(Collected data)
(* Let $\Omega\subset\mathbb{R}^n$ be a domain and let $\mathcal{S}$ be a valid subdivision for $\Omega$. Let $z_0,z\in\bigcup_{S\in\mathcal{S}}S$ and let $\{S_i:0\le i\le j\}\subset\mathcal{S}$ be a sequence with $z_0\in S_0$, $z\in S_j$, and $\partial S_i\cap\partial S_{i+1}\neq\emptyset$ for $0\le i<j$. Then \[ k(z,z_0;\Omega)\le 2\sum_{i=0}^{j}\frac{d(S_i)}{\delta(S_i)}. \]
   Context: A collection $\mathcal{S}$ of sets is a valid subdivision of a domain $\Omega$ if: each $S\in\mathcal{S}$ is a closed subset of $\Omega$; each $S\in\mathcal{S}$ is star-shaped (with respect to some point of $S$); for distinct $S,T\in\mathcal{S}$, $|S\cap T|=0$ (Lebesgue measure); $|\Omega\setminus\bigcup_{S\in\mathcal{S}}S|=0$; and for every pair $z_0,z\in\bigcup_{S\in\mathcal{S}}S$ there is a finite sequence $S_0,\dots,S_j\in\mathcal{S}$ with $z_0\in S_0$, $z\in S_j$ and $\partial S_i\cap\partial S_{i+1}\ne\emptyset$. For $S\in\mathcal{S}$, $d(S)$ is the diameter of $S$ and $\delta(S)$ is the distance from $S$ to $\partial\Omega$. The quasihyperbolic distance is $k(z,z_0;\Omega)=\inf_\gamma\int_\gamma\frac{d\sigma}{d(\zeta,\partial\Omega)}$ over rectifiable curves $\gamma\subset\Omega$ joining $z$ to $z_0$. *)

theory Defs
  imports "HOL-Analysis.Analysis"
begin

definition partitions_of :: "real \<Rightarrow> real \<Rightarrow> (nat \<times> (nat \<Rightarrow> real)) set" where
  "partitions_of a b = {(m, t). 0 < m \<and> t 0 = a \<and> t m = b \<and> (\<forall>i<m. t i \<le> t (Suc i))}"

definition curve_length_on :: "(real \<Rightarrow> 'a::euclidean_space) \<Rightarrow> real \<Rightarrow> real \<Rightarrow> ereal" where
  "curve_length_on g a b =
     (SUP p \<in> partitions_of a b. ereal (\<Sum>i<fst p. dist (g (snd p i)) (g (snd p (Suc i)))))"

definition rectifiable_curve :: "(real \<Rightarrow> 'a::euclidean_space) \<Rightarrow> bool" where
  "rectifiable_curve g \<longleftrightarrow> path g \<and> curve_length_on g 0 1 < \<infinity>"

text \<open>Arc-length integral of a nonnegative function f along g over [0,1], defined as the
  supremum of lower Darboux--Stieltjes sums with respect to arc length.\<close>
definition arclength_integral :: "('a::euclidean_space \<Rightarrow> real) \<Rightarrow> (real \<Rightarrow> 'a) \<Rightarrow> ereal" where
  "arclength_integral f g =
     (SUP p \<in> partitions_of 0 1.
        (\<Sum>i<fst p. ereal (Inf ((f \<circ> g) ` {snd p i .. snd p (Suc i)}))
                     * curve_length_on g (snd p i) (snd p (Suc i))))"

definition qh_dist :: "'a::euclidean_space set \<Rightarrow> 'a \<Rightarrow> 'a \<Rightarrow> ereal" where
  "qh_dist \<Omega> z z0 =
     (INF g \<in> {g. rectifiable_curve g \<and> path_image g \<subseteq> \<Omega> \<and> pathstart g = z \<and> pathfinish g = z0}.
        arclength_integral (\<lambda>\<zeta>. 1 / infdist \<zeta> (frontier \<Omega>)) g)"

definition valid_subdivision :: "'a::euclidean_space set \<Rightarrow> 'a set set \<Rightarrow> bool" where
  "valid_subdivision \<Omega> \<S> \<longleftrightarrow>
     (\<forall>S\<in>\<S>. S \<subseteq> \<Omega> \<and> closedin (top_of_set \<Omega>) S) \<and>
     (\<forall>S\<in>\<S>. starlike S) \<and>
     (\<forall>S\<in>\<S>. \<forall>T\<in>\<S>. S \<noteq> T \<longrightarrow> S \<inter> T \<in> null_sets lebesgue) \<and>
     \<Omega> - \<Union>\<S> \<in> null_sets lebesgue \<and>
     (\<forall>z0\<in>\<Union>\<S>. \<forall>z\<in>\<Union>\<S>. \<exists>(j::nat) Sq. (\<forall>i\<le>j. Sq i \<in> \<S>) \<and> z0 \<in> Sq 0 \<and> z \<in> Sq j \<and>
          (\<forall>i<j. frontier (Sq i) \<inter> frontier (Sq (Suc i)) \<noteq> {}))"

text \<open>The quotient d(S)/\<delta>(S) as an extended real: +\<infinity> if S is unbounded or touches
  the boundary (\<delta>(S) = 0); 0 if \<partial>\<Omega> is empty (then \<delta>(S) = \<infinity>).\<close>
definition diam_dist_ratio :: "'a::euclidean_space set \<Rightarrow> 'a set \<Rightarrow> ereal" where
  "diam_dist_ratio \<Omega> S =
     (if frontier \<Omega> = {} then 0
      else if bounded S \<and> setdist S (frontier \<Omega>) > 0
           then ereal (diameter S / setdist S (frontier \<Omega>))
      else \<infinity>)"

end

theory Submission
  imports Defs
begin

text \<open>Join z to z0 by a polygon that, inside each S_i, runs from the point where it enters S_i
  to a star centre of S_i and on to a common point of S_i and S_(i+1). Each of the 2(j+1) segments
  lies in a single S_i, so it is no longer than d(S_i), and on it the density 1/dist(., \<partial>\<Omega>) is at
  most 1/\<delta>(S_i). Parametrised proportionally to arc length, the polygon is Lipschitz with constant
  its total length L, and the arc-length integral along an L-Lipschitz curve is at most L times
  the ordinary integral of the density over [0,1]; this gives the bound. Degenerate segments are
  avoided by padding every segment length by \<epsilon> and letting \<epsilon> tend to 0.\<close>

section \<open>Arc-length integrals along Lipschitz curves\<close>

lemma lift_Suc_mono_le_upto:
  fixes \<tau> :: "nat \<Rightarrow> 'a::order"
  assumes "\<forall>k<N. \<tau> k \<le> \<tau> (Suc k)" "k \<le> l" "l \<le> N"
  shows "\<tau> k \<le> \<tau> l"
  by (rule lift_Suc_mono_le_ivl[of "{..<N}"]) (use assms in auto)

lemma partition_subinterval:
  assumes "(m, t) \<in> partitions_of a b" "i < m"
  shows "a \<le> t i" "t i \<le> t (Suc i)" "t (Suc i) \<le> b"
proof -
  have t: "t 0 = a" "t m = b" "\<forall>k<m. t k \<le> t (Suc k)"
    using assms(1) by (auto simp: partitions_of_def)
  show "a \<le> t i" "t i \<le> t (Suc i)" "t (Suc i) \<le> b"
    using lift_Suc_mono_le_upto[OF t(3), of 0 i] lift_Suc_mono_le_upto[OF t(3), of "Suc i" m] assms(2) t
    by auto
qed

lemma curve_length_on_le_lipschitz:
  assumes "K-lipschitz_on {a..b} g"
  shows "curve_length_on g a b \<le> ereal (K * (b - a))"
  unfolding curve_length_on_def
proof (rule SUP_least)
  fix p assume p: "p \<in> partitions_of a b"
  then obtain m t where mt: "p = (m, t)" "t 0 = a" "t m = b"
    by (auto simp: partitions_of_def)
  have "(\<Sum>i<m. dist (g (t i)) (g (t (Suc i)))) \<le> (\<Sum>i<m. K * (t (Suc i) - t i))"
  proof (rule sum_mono)
    fix i assume "i \<in> {..<m}"
    then have "a \<le> t i" "t i \<le> t (Suc i)" "t (Suc i) \<le> b"
      using partition_subinterval[of m t a b i] p mt by auto
    then show "dist (g (t i)) (g (t (Suc i))) \<le> K * (t (Suc i) - t i)"
      using lipschitz_onD[OF assms, of "t i" "t (Suc i)"] by (simp add: dist_real_def)
  qed
  also have "\<dots> = K * (b - a)"
    using mt by (simp add: sum_distrib_left[symmetric] sum_lessThan_telescope)
  finally show "ereal (\<Sum>i<fst p. dist (g (snd p i)) (g (snd p (Suc i)))) \<le> ereal (K * (b - a))"
    using mt by simp
qed

lemma integral_sum_consecutive_intervals:
  fixes F :: "real \<Rightarrow> real"
  assumes "\<forall>i<m. t i \<le> t (Suc i)" "F integrable_on {t 0..t m}"
  shows "(\<Sum>i<m. integral {t i..t (Suc i)} F) = integral {t 0..t m} F"
  using assms
proof (induction m)
  case (Suc m)
  have "t 0 \<le> t m"
    using lift_Suc_mono_le_upto[OF Suc.prems(1), of 0 m] by simp
  moreover have "t m \<le> t (Suc m)"
    using Suc.prems(1) by simp
  ultimately have "F integrable_on {t 0..t m}"
    using integrable_on_subinterval[OF Suc.prems(2)] by simp
  with Suc show ?case
    using Henstock_Kurzweil_Integration.integral_combine[OF \<open>t 0 \<le> t m\<close> _ Suc.prems(2)]
    by simp
qed simp

lemma inf_mult_curve_length_le_integral:
  assumes "K-lipschitz_on {s..t} g" "s \<le> t"
    and "continuous_on {s..t} (f \<circ> g)" "\<forall>x\<in>{s..t}. 0 \<le> f (g x)"
  shows "ereal (Inf ((f \<circ> g) ` {s..t})) * curve_length_on g s t \<le> ereal (K * integral {s..t} (f \<circ> g))"
proof -
  define I where "I = Inf ((f \<circ> g) ` {s..t})"
  have "0 \<le> I"
    unfolding I_def using assms(2,4) by (intro cInf_greatest) auto
  have I_le: "I \<le> (f \<circ> g) x" if "x \<in> {s..t}" for x
    unfolding I_def using that assms(4) by (intro cInf_lower) (auto intro!: bdd_belowI[of _ 0])
  have "ereal I * curve_length_on g s t \<le> ereal I * ereal (K * (t - s))"
    using curve_length_on_le_lipschitz[OF assms(1)] \<open>0 \<le> I\<close> by (intro ereal_mult_left_mono) auto
  also have "\<dots> = ereal (K * (I * (t - s)))"
    by (simp add: mult.left_commute)
  also have "I * (t - s) = integral {s..t} (\<lambda>_. I)"
    using assms(2) by simp
  also have "\<dots> \<le> integral {s..t} (f \<circ> g)"
    using I_le integrable_continuous_real[OF assms(3)] by (intro integral_le) auto
  finally show ?thesis
    unfolding I_def using lipschitz_on_nonneg[OF assms(1)] by (simp add: mult_left_mono)
qed

lemma arclength_integral_le_lipschitz:
  assumes "K-lipschitz_on {0..1} g" "continuous_on {0..1} (f \<circ> g)" "\<forall>x\<in>{0..1}. 0 \<le> f (g x)"
  shows "arclength_integral f g \<le> ereal (K * integral {0..1} (f \<circ> g))"
  unfolding arclength_integral_def
proof (rule SUP_least)
  fix p assume p: "p \<in> partitions_of 0 1"
  then obtain m t where mt: "p = (m, t)" "t 0 = 0" "t m = 1"
    by (auto simp: partitions_of_def)
  have piece: "{t i..t (Suc i)} \<subseteq> {0..1}" "t i \<le> t (Suc i)" if "i < m" for i
    using partition_subinterval[of m t 0 1 i] p mt that by auto
  have "(\<Sum>i<m. ereal (Inf ((f \<circ> g) ` {t i..t (Suc i)})) * curve_length_on g (t i) (t (Suc i)))
      \<le> (\<Sum>i<m. ereal (K * integral {t i..t (Suc i)} (f \<circ> g)))"
  proof (intro sum_mono inf_mult_curve_length_le_integral)
    fix i assume i: "i \<in> {..<m}"
    then have sub: "{t i..t (Suc i)} \<subseteq> {0..1}"
      using piece by simp
    show "K-lipschitz_on {t i..t (Suc i)} g"
      using lipschitz_on_subset[OF assms(1) sub] .
    show "t i \<le> t (Suc i)"
      using piece i by simp
    show "continuous_on {t i..t (Suc i)} (f \<circ> g)"
      using continuous_on_subset[OF assms(2) sub] .
    show "\<forall>x\<in>{t i..t (Suc i)}. 0 \<le> f (g x)"
      using assms(3) sub by blast
  qed
  also have "\<dots> = ereal (K * (\<Sum>i<m. integral {t i..t (Suc i)} (f \<circ> g)))"
    by (simp add: sum_distrib_left)
  also have "(\<Sum>i<m. integral {t i..t (Suc i)} (f \<circ> g)) = integral {0..1} (f \<circ> g)"
    using integral_sum_consecutive_intervals[of m t "f \<circ> g"] piece(2)
      integrable_continuous_real[OF assms(2)] mt by simp
  finally show "(\<Sum>i<fst p. ereal (Inf ((f \<circ> g) ` {snd p i..snd p (Suc i)}))
      * curve_length_on g (snd p i) (snd p (Suc i))) \<le> ereal (K * integral {0..1} (f \<circ> g))"
    using mt by simp
qed

section \<open>Polygonal paths\<close>

text \<open>The m-th summand ramps from 0 to 1 while t crosses [\<tau> m, \<tau> (Suc m)], so on that interval
  the path moves linearly from q m to q (Suc m).\<close>
definition polygonal_path :: "nat \<Rightarrow> (nat \<Rightarrow> real) \<Rightarrow> (nat \<Rightarrow> 'a::real_vector) \<Rightarrow> real \<Rightarrow> 'a" where
  "polygonal_path N \<tau> q t =
     q 0 + (\<Sum>m<N. max 0 (min 1 ((t - \<tau> m) / (\<tau> (Suc m) - \<tau> m))) *\<^sub>R (q (Suc m) - q m))"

## TASK
Lines containing the word "piece": copy every one of them from the records above.

## EXERCISE ANSWER
  have piece: "{t i..t (Suc i)} \<subseteq> {0..1}" "t i \<le> t (Suc i)" if "i < m" for i
      using piece by simp
      using piece i by simp
    using integral_sum_consecutive_intervals[of m t "f \<circ> g"] piece(2)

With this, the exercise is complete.